By: Gloria MacKay
This is the first in a series of articles by our newest contributing writer, Gloria MacKay of Trilogy at Redmond Ridge. Gloria is a writer of poetry and essays, and she will be sharing her thoughts and reflections with her fellow Trilogy members through this series entitled Sense of Place.
When I come upon a lemon lingering in the crisper, I don’t want some knee-jerk optimist telling me I should turn it into lemonade. When I want to cook from scratch, I do desserts.
How much lemonade can you get from one lemon, anyway? Even metaphorically speaking, it’s scarcely worth the squeeze. What I tend to do is shove it down the garbage disposal and wait for the splat. (This makes a great air freshener.)
I’ve never strived to be an optimist—like Pollyanna, the little orphan girl who plays the ‘glad game’ in a series of children’s books written by a succession of authors, presumably all equally glad.
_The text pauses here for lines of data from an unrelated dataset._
lemma atMost_sums_of_squares_doubling:
  assumes "1 \<le> t" "2 \<le> z"
  shows "{..min (2 * t) (2 ^ z) - 2} \<subseteq> sums_of_squares t z"
  using assms(2)
proof (induction z rule: nat_induct_at_least)
  case base
  show ?case using atMost_subset_sums_of_squares[OF assms(1), of 2] by auto
next
  case (Suc z)
  show ?case
  proof (cases "2 * t \<le> 2 ^ z")
    case True
    then have "min (2 * t) (2 ^ Suc z) = min (2 * t) (2 ^ z)" by simp
    moreover have "{..min (2 * t) (2 ^ z) - 2} \<subseteq> sums_of_squares t (Suc z)"
      using Suc.IH sums_of_squares_subset_Suc by (rule subset_trans)
    ultimately show ?thesis by simp
  next
    case False
    obtain y where y: "z = Suc (Suc y)" using Suc.hyps by (metis add_2_eq_Suc le_Suc_ex)
    have "{..2 ^ z - 2} \<subseteq> sums_of_squares t z" using Suc.IH False by simp
    moreover have "2 ^ Suc y \<le> t" using False y by simp
    moreover have "2 * 2 ^ Suc y \<le> ((2::nat) ^ z - 2) + 2" using y by simp
    ultimately have "{..(2 ^ z - 2) + (2 ^ Suc y)\<^sup>2} \<subseteq> sums_of_squares t (Suc z)"
      by (rule atMost_sums_of_squares_step)
    moreover have "min (2 * t) (2 ^ Suc z) - 2 \<le> (2 ^ z - 2) + (2 ^ Suc y)\<^sup>2"
    proof -
      have "(2::nat) ^ y \<le> 2 ^ y * 2 ^ y" by simp
      moreover have "(2::nat) ^ Suc z = 8 * 2 ^ y" "(2::nat) ^ z = 4 * 2 ^ y"
        "((2::nat) ^ Suc y)\<^sup>2 = 4 * (2 ^ y * 2 ^ y)"
        using y by (simp_all add: power2_eq_square)
      ultimately show ?thesis by linarith
    qed
    ultimately show ?thesis by (meson atMost_subset_iff subset_trans)
  qed
qed

lemma atMost_6_subset_sums_of_squares: "2 \<le> t \<Longrightarrow> {..6} \<subseteq> sums_of_squares t 3"
  using atMost_sums_of_squares_step[OF atMost_subset_sums_of_squares[of t 2], of 2]
  by (simp add: numeral_eq_Suc)

lemma two_mult_add_two_le_two_power: "3 \<le> s \<Longrightarrow> 2 * s + 2 \<le> (2::nat) ^ s"
  by (induction s rule: nat_induct_at_least) auto

lemma mem_sums_of_squares_Suc:
  assumes "(s, z) \<noteq> (1, 2)" "r + 2 * s\<^sup>2 < z * (2 * s + 1)"
  shows "r \<in> sums_of_squares (Suc s) z"
proof -
  consider "s = 0" | "s = 1 \<or> s = 2" | "3 \<le> s" by linarith
  then show ?thesis
  proof cases
    case 1
    then show ?thesis using assms(2) atMost_subset_sums_of_squares[of 1 z] by auto
  next
    case 2
    show ?thesis
    proof (cases "3 \<le> z")
      case True
      then obtain j where z: "z = 3 + j" using le_Suc_ex by blast
      have "{..6 + j * (Suc s)\<^sup>2} \<subseteq> sums_of_squares (Suc s) z"
        unfolding z using 2
        by (intro atMost_sums_of_squares_linear atMost_6_subset_sums_of_squares) auto
      moreover have "r \<le> 6 + j * (Suc s)\<^sup>2"
        using 2 assms(2) unfolding z by (auto simp: power2_eq_square)
      ultimately show ?thesis by auto
    next
      case False
      then have "r \<le> z" using 2 assms by (auto simp: power2_eq_square)
      then show ?thesis using atMost_subset_sums_of_squares[of "Suc s" z] by auto
    qed
  next
    case 3
    have "s \<le> z"
    proof (rule ccontr)
      assume "\<not> s \<le> z"
      then have "Suc z * (2 * s + 1) \<le> s * (2 * s + 1)" by (intro mult_le_mono1) simp
      then show False using assms(2) by (simp add: power2_eq_square algebra_simps)
    qed
    then obtain j where z: "z = s + j" using le_Suc_ex by blast
    have "{..2 * s} \<subseteq> sums_of_squares (Suc s) s"
      using atMost_sums_of_squares_doubling[of "Suc s" s] two_mult_add_two_le_two_power[OF 3] 3
      by (simp add: min_def)
    then have "{..2 * s + j * (Suc s)\<^sup>2} \<subseteq> sums_of_squares (Suc s) z"
      unfolding z by (rule atMost_sums_of_squares_linear) simp
    moreover have "r \<le> 2 * s + j * (Suc s)\<^sup>2"
    proof -
      have "j * (2 * s + 1) \<le> j * (Suc s)\<^sup>2"
        by (intro mult_le_mono2) (simp add: power2_eq_square)
      then show ?thesis
        using assms(2) unfolding z by (simp add: power2_eq_square algebra_simps)
    qed
    ultimately show ?thesis by auto
  qed
qed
I read one or two and switched to Nancy Drew.
Even now, when I wake up in the middle of the night to darker darkness than usual—no digital time, no street lights and no moon at all—I am not inclined to scrounge for candles, thinking “isn’t this going be fun?” I dig for the flashlight, scurry to the bathroom, and crawl back to bed. The best way for a non-optimist to deal with power failures is to sleep them off.
There was an exception.
Beyond the wooded lot across the street, sheets of turquoise flashed across the sky, and ‘pow pow’s’ peppered the air as though giants were playing war. I stepped outside, crunching a path in the grass with my bare feet. My intention was to see the line of demarcation between us, stranded up here in the dark, and them, asleep in the distance with freezers humming and nightlights aglow. But the only lights were sky lights.